Saturday, July 12, 2008
Book on the future
A hundred years ago, companies stopped generating their own power with steam engines and dynamos and plugged into the newly built electric grid. The cheap power pumped out by electric utilities didn’t just change how businesses operate. It set off a chain reaction of economic and social transformations that brought the modern world into existence. Today, a similar revolution is under way. Hooked up to the Internet’s global computing grid, massive information-processing plants have begun pumping data and software code into our homes and businesses. This time, it’s computing that’s turning into a utility.
The shift is already remaking the computer industry, bringing new competitors like Google and Salesforce.com to the fore and threatening stalwarts like Microsoft and Dell. But the effects will reach much further. Cheap, utility-supplied computing will ultimately change society as profoundly as cheap electricity did. We can already see the early effects — in the shift of control over media from institutions to individuals, in debates over the value of privacy, in the export of the jobs of knowledge workers, even in the growing concentration of wealth. As information utilities expand, the changes will only broaden, and their pace will only accelerate.

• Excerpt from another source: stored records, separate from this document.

(* Let $X$ be a vector space and let $Y_\rho$ be a $\rho$-complete modular space associated with a convex modular $\rho$. Let $\varepsilon>0$ and let $\phi: X\to Y_\rho$ be a mapping with $\phi(0)=0$ and $$\rho\big(\phi(x+y-z)+\phi(x+z-y)+\phi(y+z-x)-\phi(x-y)-\phi(x-z)-\phi(z-y)-\phi(x)-\phi(y)-\phi(z)\big) \le \varepsilon$$ for all $x,y,z\in X$. Then there exists a unique quadratic mapping $h: X\to Y_\rho$ such that $$\rho(\phi(x)-h(x)) \le \frac{\varepsilon}{3} \quad\text{for all } x\in X.$$
   Context: A convex modular on a vector space $Y$ is a functional $\rho: Y\to[0,\infty)$ such that for all $u,v\in Y$: (i) $\rho(u)=0$ iff $u=0$; (ii) $\rho(\lambda u)=\rho(u)$ for every scalar $\lambda$ with $|\lambda|=1$; (iii) $\rho(a u+b v)\le a\rho(u)+b\rho(v)$ whenever $a,b\ge 0$ and $a+b=1$. The associated modular space is $Y_\rho=\{u\in Y: \rho(\lambda u)\to 0 \text{ as } \lambda\to 0\}$. A sequence $\{u_n\}$ in $Y_\rho$ is $\rho$-convergent to $u$ if $\rho(u_n-u)\to 0$; it is $\rho$-Cauchy if $\rho(u_n-u_m)\to0$ as $n,m\to\infty$; $Y_\rho$ is $\rho$-complete if every $\rho$-Cauchy sequence in $Y_\rho$ is $\rho$-convergent. A mapping $h: X\to Y_\rho$ is quadratic if $h(x+y)+h(x-y)=2h(x)+2h(y)$ for all $x,y\in X$. *)

theory Defs
  imports Complex_Main
begin

definition convex_modular :: "('b::real_vector \<Rightarrow> real) \<Rightarrow> bool" where
  "convex_modular \<rho> \<longleftrightarrow>
     (\<forall>u. \<rho> u \<ge> 0) \<and>
     (\<forall>u. \<rho> u = 0 \<longleftrightarrow> u = 0) \<and>
     (\<forall>u (l::real). \<bar>l\<bar> = 1 \<longrightarrow> \<rho> (l *\<^sub>R u) = \<rho> u) \<and>
     (\<forall>u v (a::real) b. a \<ge> 0 \<and> b \<ge> 0 \<and> a + b = 1 \<longrightarrow>
          \<rho> (a *\<^sub>R u + b *\<^sub>R v) \<le> a * \<rho> u + b * \<rho> v)"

Nicholas Carr is the ideal guide to explain this historic upheaval. Writing in a lucid, engaging style, he weaves together history, economics and technology to describe how and why computers are changing — and what it means for all of us. From the software business to the newspaper business, from job creation to community formation, from national defense to personal identity, The Big Switch provides a panoramic view of the new world being conjured from the circuits of the “World Wide Computer.”